• REQUIRED WORK:
Repeat every entry below exactly as given.

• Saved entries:

[Start of Attachment]

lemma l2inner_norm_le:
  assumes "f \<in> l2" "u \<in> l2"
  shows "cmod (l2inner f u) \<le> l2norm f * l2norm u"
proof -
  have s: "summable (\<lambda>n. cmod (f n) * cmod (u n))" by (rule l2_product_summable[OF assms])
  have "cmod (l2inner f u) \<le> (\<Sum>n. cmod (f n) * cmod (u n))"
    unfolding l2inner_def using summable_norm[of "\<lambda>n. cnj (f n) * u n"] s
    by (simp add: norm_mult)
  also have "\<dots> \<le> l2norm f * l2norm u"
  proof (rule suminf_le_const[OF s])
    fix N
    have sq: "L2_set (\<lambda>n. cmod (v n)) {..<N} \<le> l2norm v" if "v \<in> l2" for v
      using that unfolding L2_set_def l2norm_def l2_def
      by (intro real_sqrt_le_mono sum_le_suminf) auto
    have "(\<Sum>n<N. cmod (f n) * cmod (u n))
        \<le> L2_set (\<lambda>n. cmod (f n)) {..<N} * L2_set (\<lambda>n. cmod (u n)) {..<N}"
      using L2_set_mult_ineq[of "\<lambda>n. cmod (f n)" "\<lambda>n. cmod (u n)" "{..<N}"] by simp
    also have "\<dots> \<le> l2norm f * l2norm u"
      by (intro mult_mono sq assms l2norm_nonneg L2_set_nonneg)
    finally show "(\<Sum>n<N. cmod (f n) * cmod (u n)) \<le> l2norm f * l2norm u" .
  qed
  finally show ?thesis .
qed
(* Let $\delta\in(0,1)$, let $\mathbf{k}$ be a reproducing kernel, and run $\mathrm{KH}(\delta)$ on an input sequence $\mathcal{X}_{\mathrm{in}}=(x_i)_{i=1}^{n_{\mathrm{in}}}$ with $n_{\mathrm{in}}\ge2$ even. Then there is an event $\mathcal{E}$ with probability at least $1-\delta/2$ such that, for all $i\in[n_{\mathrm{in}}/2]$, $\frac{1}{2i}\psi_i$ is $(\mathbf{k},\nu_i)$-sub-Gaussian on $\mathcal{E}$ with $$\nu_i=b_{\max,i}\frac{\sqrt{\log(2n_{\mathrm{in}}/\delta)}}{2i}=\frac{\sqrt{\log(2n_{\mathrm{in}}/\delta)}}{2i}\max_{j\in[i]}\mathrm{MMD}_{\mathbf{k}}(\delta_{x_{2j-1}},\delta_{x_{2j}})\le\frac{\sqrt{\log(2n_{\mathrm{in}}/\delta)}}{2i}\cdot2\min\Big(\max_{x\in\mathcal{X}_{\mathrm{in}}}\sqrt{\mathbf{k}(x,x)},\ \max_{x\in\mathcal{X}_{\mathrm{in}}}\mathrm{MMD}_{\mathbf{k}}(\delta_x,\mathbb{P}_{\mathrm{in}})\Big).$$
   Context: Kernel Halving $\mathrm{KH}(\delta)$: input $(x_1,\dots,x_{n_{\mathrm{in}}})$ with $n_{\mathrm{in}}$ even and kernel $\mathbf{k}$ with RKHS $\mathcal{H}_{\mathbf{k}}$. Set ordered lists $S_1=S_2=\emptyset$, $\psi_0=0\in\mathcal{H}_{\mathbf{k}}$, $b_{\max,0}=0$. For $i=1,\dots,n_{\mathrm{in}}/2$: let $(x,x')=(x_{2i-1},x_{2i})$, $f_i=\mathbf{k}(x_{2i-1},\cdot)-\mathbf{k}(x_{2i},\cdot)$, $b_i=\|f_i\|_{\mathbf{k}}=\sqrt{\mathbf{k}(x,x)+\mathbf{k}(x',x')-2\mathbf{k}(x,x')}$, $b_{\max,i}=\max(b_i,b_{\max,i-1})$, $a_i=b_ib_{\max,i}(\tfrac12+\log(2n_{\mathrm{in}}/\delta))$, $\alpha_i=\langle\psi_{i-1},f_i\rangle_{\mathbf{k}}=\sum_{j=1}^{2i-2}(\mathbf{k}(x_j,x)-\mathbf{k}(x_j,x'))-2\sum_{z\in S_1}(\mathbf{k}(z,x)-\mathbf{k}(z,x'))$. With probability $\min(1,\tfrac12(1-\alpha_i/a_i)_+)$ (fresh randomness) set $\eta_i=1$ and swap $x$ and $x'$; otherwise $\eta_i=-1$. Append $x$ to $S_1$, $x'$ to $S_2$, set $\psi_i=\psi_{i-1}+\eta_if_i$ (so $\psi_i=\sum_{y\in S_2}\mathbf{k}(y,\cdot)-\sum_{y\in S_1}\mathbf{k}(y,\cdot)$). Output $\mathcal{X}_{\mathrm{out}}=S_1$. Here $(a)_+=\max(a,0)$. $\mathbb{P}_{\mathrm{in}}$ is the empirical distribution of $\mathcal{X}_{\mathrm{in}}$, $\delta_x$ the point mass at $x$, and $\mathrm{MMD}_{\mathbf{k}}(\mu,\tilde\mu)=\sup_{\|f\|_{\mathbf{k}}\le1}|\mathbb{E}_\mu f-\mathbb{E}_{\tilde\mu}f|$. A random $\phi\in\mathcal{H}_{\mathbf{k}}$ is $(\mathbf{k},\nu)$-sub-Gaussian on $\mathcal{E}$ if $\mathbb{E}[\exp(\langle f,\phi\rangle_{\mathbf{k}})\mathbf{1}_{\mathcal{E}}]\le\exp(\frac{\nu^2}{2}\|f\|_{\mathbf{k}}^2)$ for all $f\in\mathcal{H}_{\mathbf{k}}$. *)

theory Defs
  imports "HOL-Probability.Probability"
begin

[End of Attachment]

• WRITTEN ANSWER:
lemma l2inner_norm_le:
  assumes "f \<in> l2" "u \<in> l2"
  shows "cmod (l2inner f u) \<le> l2norm f * l2norm u"
proof -
  have s: "summable (\<lambda>n. cmod (f n) * cmod (u n))" by (rule l2_product_summable[OF assms])
  have "cmod (l2inner f u) \<le> (\<Sum>n. cmod (f n) * cmod (u n))"
    unfolding l2inner_def using summable_norm[of "\<lambda>n. cnj (f n) * u n"] s
    by (simp add: norm_mult)
  also have "\<dots> \<le> l2norm f * l2norm u"
  proof (rule suminf_le_const[OF s])
    fix N
    have sq: "L2_set (\<lambda>n. cmod (v n)) {..<N} \<le> l2norm v" if "v \<in> l2" for v
      using that unfolding L2_set_def l2norm_def l2_def
      by (intro real_sqrt_le_mono sum_le_suminf) auto
    have "(\<Sum>n<N. cmod (f n) * cmod (u n))
        \<le> L2_set (\<lambda>n. cmod (f n)) {..<N} * L2_set (\<lambda>n. cmod (u n)) {..<N}"
      using L2_set_mult_ineq[of "\<lambda>n. cmod (f n)" "\<lambda>n. cmod (u n)" "{..<N}"] by simp
    also have "\<dots> \<le> l2norm f * l2norm u"
      by (intro mult_mono sq assms l2norm_nonneg L2_set_nonneg)
    finally show "(\<Sum>n<N. cmod (f n) * cmod (u n)) \<le> l2norm f * l2norm u" .
  qed
  finally show ?thesis .
qed
(* Let $\delta\in(0,1)$, let $\mathbf{k}$ be a reproducing kernel, and run $\mathrm{KH}(\delta)$ on an input sequence $\mathcal{X}_{\mathrm{in}}=(x_i)_{i=1}^{n_{\mathrm{in}}}$ with $n_{\mathrm{in}}\ge2$ even. Then there is an event $\mathcal{E}$ with probability at least $1-\delta/2$ such that, for all $i\in[n_{\mathrm{in}}/2]$, $\frac{1}{2i}\psi_i$ is $(\mathbf{k},\nu_i)$-sub-Gaussian on $\mathcal{E}$ with $$\nu_i=b_{\max,i}\frac{\sqrt{\log(2n_{\mathrm{in}}/\delta)}}{2i}=\frac{\sqrt{\log(2n_{\mathrm{in}}/\delta)}}{2i}\max_{j\in[i]}\mathrm{MMD}_{\mathbf{k}}(\delta_{x_{2j-1}},\delta_{x_{2j}})\le\frac{\sqrt{\log(2n_{\mathrm{in}}/\delta)}}{2i}\cdot2\min\Big(\max_{x\in\mathcal{X}_{\mathrm{in}}}\sqrt{\mathbf{k}(x,x)},\ \max_{x\in\mathcal{X}_{\mathrm{in}}}\mathrm{MMD}_{\mathbf{k}}(\delta_x,\mathbb{P}_{\mathrm{in}})\Big).$$
   Context: Kernel Halving $\mathrm{KH}(\delta)$: input $(x_1,\dots,x_{n_{\mathrm{in}}})$ with $n_{\mathrm{in}}$ even and kernel $\mathbf{k}$ with RKHS $\mathcal{H}_{\mathbf{k}}$. Set ordered lists $S_1=S_2=\emptyset$, $\psi_0=0\in\mathcal{H}_{\mathbf{k}}$, $b_{\max,0}=0$. For $i=1,\dots,n_{\mathrm{in}}/2$: let $(x,x')=(x_{2i-1},x_{2i})$, $f_i=\mathbf{k}(x_{2i-1},\cdot)-\mathbf{k}(x_{2i},\cdot)$, $b_i=\|f_i\|_{\mathbf{k}}=\sqrt{\mathbf{k}(x,x)+\mathbf{k}(x',x')-2\mathbf{k}(x,x')}$, $b_{\max,i}=\max(b_i,b_{\max,i-1})$, $a_i=b_ib_{\max,i}(\tfrac12+\log(2n_{\mathrm{in}}/\delta))$, $\alpha_i=\langle\psi_{i-1},f_i\rangle_{\mathbf{k}}=\sum_{j=1}^{2i-2}(\mathbf{k}(x_j,x)-\mathbf{k}(x_j,x'))-2\sum_{z\in S_1}(\mathbf{k}(z,x)-\mathbf{k}(z,x'))$. With probability $\min(1,\tfrac12(1-\alpha_i/a_i)_+)$ (fresh randomness) set $\eta_i=1$ and swap $x$ and $x'$; otherwise $\eta_i=-1$. Append $x$ to $S_1$, $x'$ to $S_2$, set $\psi_i=\psi_{i-1}+\eta_if_i$ (so $\psi_i=\sum_{y\in S_2}\mathbf{k}(y,\cdot)-\sum_{y\in S_1}\mathbf{k}(y,\cdot)$). Output $\mathcal{X}_{\mathrm{out}}=S_1$. Here $(a)_+=\max(a,0)$. $\mathbb{P}_{\mathrm{in}}$ is the empirical distribution of $\mathcal{X}_{\mathrm{in}}$, $\delta_x$ the point mass at $x$, and $\mathrm{MMD}_{\mathbf{k}}(\mu,\tilde\mu)=\sup_{\|f\|_{\mathbf{k}}\le1}|\mathbb{E}_\mu f-\mathbb{E}_{\tilde\mu}f|$. A random $\phi\in\mathcal{H}_{\mathbf{k}}$ is $(\mathbf{k},\nu)$-sub-Gaussian on $\mathcal{E}$ if $\mathbb{E}[\exp(\langle f,\phi\rangle_{\mathbf{k}})\mathbf{1}_{\mathcal{E}}]\le\exp(\frac{\nu^2}{2}\|f\|_{\mathbf{k}}^2)$ for all $f\in\mathcal{H}_{\mathbf{k}}$. *)

theory Defs
  imports "HOL-Probability.Probability"
begin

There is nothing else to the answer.